You can do my example above of 3840×2160 as follows. 3.8 is 80% of the way from 3 (4.8dB) to 4 (6.0dB), so it's about 5.8dB. 2.2 is 20% of the way from 2 (3.0dB) to 3 (4.8dB), so about 3.4dB. 35.8dB + 33.4dB = 69.2dB, which is between 8 million (69.0dB) and 9 million (69.5dB), about 40% of the way, so our linear interpolation gives us 8.4 million. This result is high by 1.2%, which is much better than you'd expect from the crudity of the estimation process.

For a more difficult problem, what's the diameter of a round cable with 1.5 square centimeters of cross-sectional area? That's 150mm², half of 300mm², so 24.77 dB-square-millimeters minus 3.01, 21.76dB. A = πr². Divide by π by subtracting 5dB (okay, I guess that's a fourth magic number: log₁₀(π) ≈ 4.97dB) and you're at 16.76dB. Take the square root to get the radius by dividing that by 2: 8.38dB-millimeters. That's less than 7× ≈ 8.45dB by only 0.07dB, so 7-millimeter radius is a pretty decent approximation, 14mm diameter.

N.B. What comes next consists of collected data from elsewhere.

lemma composite_argmin_lipschitz:
  fixes F :: "'v::euclidean_space \<Rightarrow> real" and R :: "'v \<Rightarrow> ereal"
  assumes der: "\<And>x. (F has_derivative (\<lambda>h. gradF x \<bullet> h)) (at x)" and sc: "strongly_convex \<mu> F" and mu: "\<mu> > 0"
    and pr: "proper_fun R" and cv: "convex_ereal_fun R" and ls: "lsc_fun R"
  shows "(1 / \<mu>)-lipschitz_on UNIV (composite_argmin F R)"
proof (rule lipschitz_onI)
  fix e1 e2 :: 'v
  let ?p1 = "composite_argmin F R e1" and ?p2 = "composite_argmin F R e2"
  note min = composite_argmin_minimizes[OF der sc mu pr cv ls]
  have "\<mu> * (norm (?p1 - ?p2))\<^sup>2 \<le> ((F ?p2 + ?p2 \<bullet> e1) - (F ?p2 + ?p2 \<bullet> e2)) - ((F ?p1 + ?p1 \<bullet> e1) - (F ?p1 + ?p1 \<bullet> e2))"
    by (rule strongly_convex_minimizers_dist_le[OF strongly_convex_add_inner[OF sc] strongly_convex_add_inner[OF sc]
          pr cv min min])
  also have "\<dots> = (?p2 - ?p1) \<bullet> (e1 - e2)" by (simp add: inner_diff_left inner_diff_right algebra_simps)
  also have "\<dots> \<le> norm (?p2 - ?p1) * norm (e1 - e2)" by (rule norm_cauchy_schwarz)
  finally have "norm (?p1 - ?p2) * (\<mu> * norm (?p1 - ?p2)) \<le> norm (?p1 - ?p2) * norm (e1 - e2)"
    by (simp add: power2_eq_square norm_minus_commute algebra_simps)
  then have "\<mu> * norm (?p1 - ?p2) \<le> norm (e1 - e2)"
    by (cases "norm (?p1 - ?p2) = 0") (simp_all add: mult_le_cancel_left_pos mu)
  then show "dist ?p1 ?p2 \<le> 1 / \<mu> * dist e1 e2" using mu by (simp add: dist_norm field_simps)
qed (use mu in simp)

section \<open>One variance-reduced stochastic step\<close>

lemma (in prob_space) integrable_if_norm_sq_integrable:
  fixes g :: "'a \<Rightarrow> 'b::{banach, second_countable_topology}"
  assumes "g \<in> borel_measurable M" "integrable M (\<lambda>z. (norm (g z))\<^sup>2)"
  shows "integrable M g"
proof (rule Bochner_Integration.integrable_bound[OF _ assms(1)])
  show "integrable M (\<lambda>z. 1 + (norm (g z))\<^sup>2)" using assms(2) by simp
  have "n \<le> 1 + n\<^sup>2" for n :: real
    using zero_le_power2[of "n - 1/2"] by (simp add: power2_eq_square algebra_simps)
  then show "AE z in M. norm (g z) \<le> norm (1 + (norm (g z))\<^sup>2)" by (auto intro!: AE_I2)
qed

lemma vr_direction_norm_sq_le:
  fixes gf :: "'v::real_normed_vector \<Rightarrow> 'z \<Rightarrow> 'v" and gradF :: "'v \<Rightarrow> 'v"
  assumes gf_lip: "\<And>x y. norm (gf x z - gf y z) \<le> L * norm (x - y)"
    and F_smooth: "\<And>x y. norm (gradF x - gradF y) \<le> L * norm (x - y)"
    and L: "0 \<le> L"
  shows "(norm (gf a z - gf c z + (gradF c - gradF b)))\<^sup>2 \<le> L\<^sup>2 * (2 * (norm (a - b))\<^sup>2 + 8 * (norm (c - b))\<^sup>2)"
proof -
  have "norm (gf a z - gf c z + (gradF c - gradF b)) \<le> L * norm (a - c) + L * norm (c - b)"
    using norm_triangle_ineq[of "gf a z - gf c z" "gradF c - gradF b"] gf_lip[of a c] F_smooth[of c b]
    by simp
  also have "\<dots> \<le> L * (norm (a - b) + 2 * norm (c - b))"
    using mult_left_mono[OF norm_triangle_ineq4[of "a - b" "c - b"] L] by (simp add: algebra_simps)
  finally have "(norm (gf a z - gf c z + (gradF c - gradF b)))\<^sup>2 \<le> (L * (norm (a - b) + 2 * norm (c - b)))\<^sup>2"
    by (rule power_mono) simp
  also have "\<dots> = L\<^sup>2 * (norm (a - b) + 2 * norm (c - b))\<^sup>2" by (simp add: power_mult_distrib)
  also have "\<dots> \<le> L\<^sup>2 * (2 * (norm (a - b))\<^sup>2 + 8 * (norm (c - b))\<^sup>2)"
  proof (rule mult_left_mono)
    have "0 \<le> (norm (a - b) - 2 * norm (c - b))\<^sup>2" by simp
    then show "(norm (a - b) + 2 * norm (c - b))\<^sup>2 \<le> 2 * (norm (a - b))\<^sup>2 + 8 * (norm (c - b))\<^sup>2"
      by (simp add: power2_eq_square algebra_simps)
  qed simp
  finally show ?thesis .
qed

The precise answer is closer to 13.82mm.

For approximating small corrections like that, it can be useful to keep in mind that ln(10) ≈ 2.303 (a fifth magic number to memorize), so every 1% of a dB (10¹·⁰⁰¹) is a change of about 0.23%. So that leftover 0.07dB meant that 7mm was high by a couple percent.

More crudely: 150mm² is 22dB, ÷π is 17dB, √ is 8½ (pace Fellini), 7×.

It's pretty common in engineering and scientific calculations like this to have a lot of factors to multiply and divide, increasing the number of additions and subtractions relative to the number of logarithmic conversions; this is why slide rules were so popular. Maybe you derived the 1.5cm² number from copper's conductivity and a resistance bound, or from the yield strength of a steel and a load, say. 3840×2160 pixels × 4 bytes/pixel / (10.8 gigabytes/second), as I was calculating last night in https://news.ycombinator.com/item?id=44056923? That's just 35.8 dB + 33.3dB + 6dB - 100.3dB = -25.2dB-seconds, which is 3.0 milliseconds to memcpy that 4K framebuffer. (I didn't do that mentally, though.) Even 36 + 33 + 6 - 100 = -25, so π ms, is a fine approximation if what you want to know is mostly whether it's more or less than 16.7 ms.

So here's a full list of the seven magic numbers to memorize for these purposes:

  2× ≈ 3.01dB (∴ 4×, 8×, 5×)
  3× ≈ 4.77dB (∴ 6×, 9×, 1.5×)
  7× ≈ 8.45dB
  π× ≈ 4.97dB
  ln(10) ≈ 2.303 (∴ 0.01dB ≈ 0.23%, etc.)
  1.259× ≈ 1dB (+1dB ≈ +25.9%)
  (1 - .206)× ≈ -1dB (-1dB ≈ -20.6%)

I've been using decibels as a scale for log-odds for a while when reporting results. It works pretty well, since the relevant part of the scale is wide, unlike using nepers, which I had never heard of until I started noodling around with this.

I wrote:

> So with just 2× = 3.01dB we already know (...) 8, to fairly good precision. (...) (The most imprecise of these is 8: 10⁰·⁹ is about 7.94, which is an error of about -0.7% when the right answer was 8.)

This is slightly mixed up. It's true that approximating 8× as 9dB gives you an 0.7% error. But I was talking about 3.01dB, and approximating 8× as 9.03dB gives 7.998×, only about 0.02% low.

The errors for the logarithms of the 10 digits thus approximated are:

  >>> print('\n'.join([f'  {10*p:.2f}: {100*(10**p-i-1)/(i+1):+.3f}%' for i, p in enumerate([0, .301, .477, .602, .699, .778, .845, .903, .954])]))
  0.00: +0.000%
  3.01: -0.007%
  4.77: -0.028%
  6.02: -0.014%
  6.99: +0.007%
  7.78: -0.035%
  8.45: -0.023%
  9.03: -0.021%
  9.54: -0.056%

Does this have anything to do with decibels specifically or is it just general log-space arithmetic?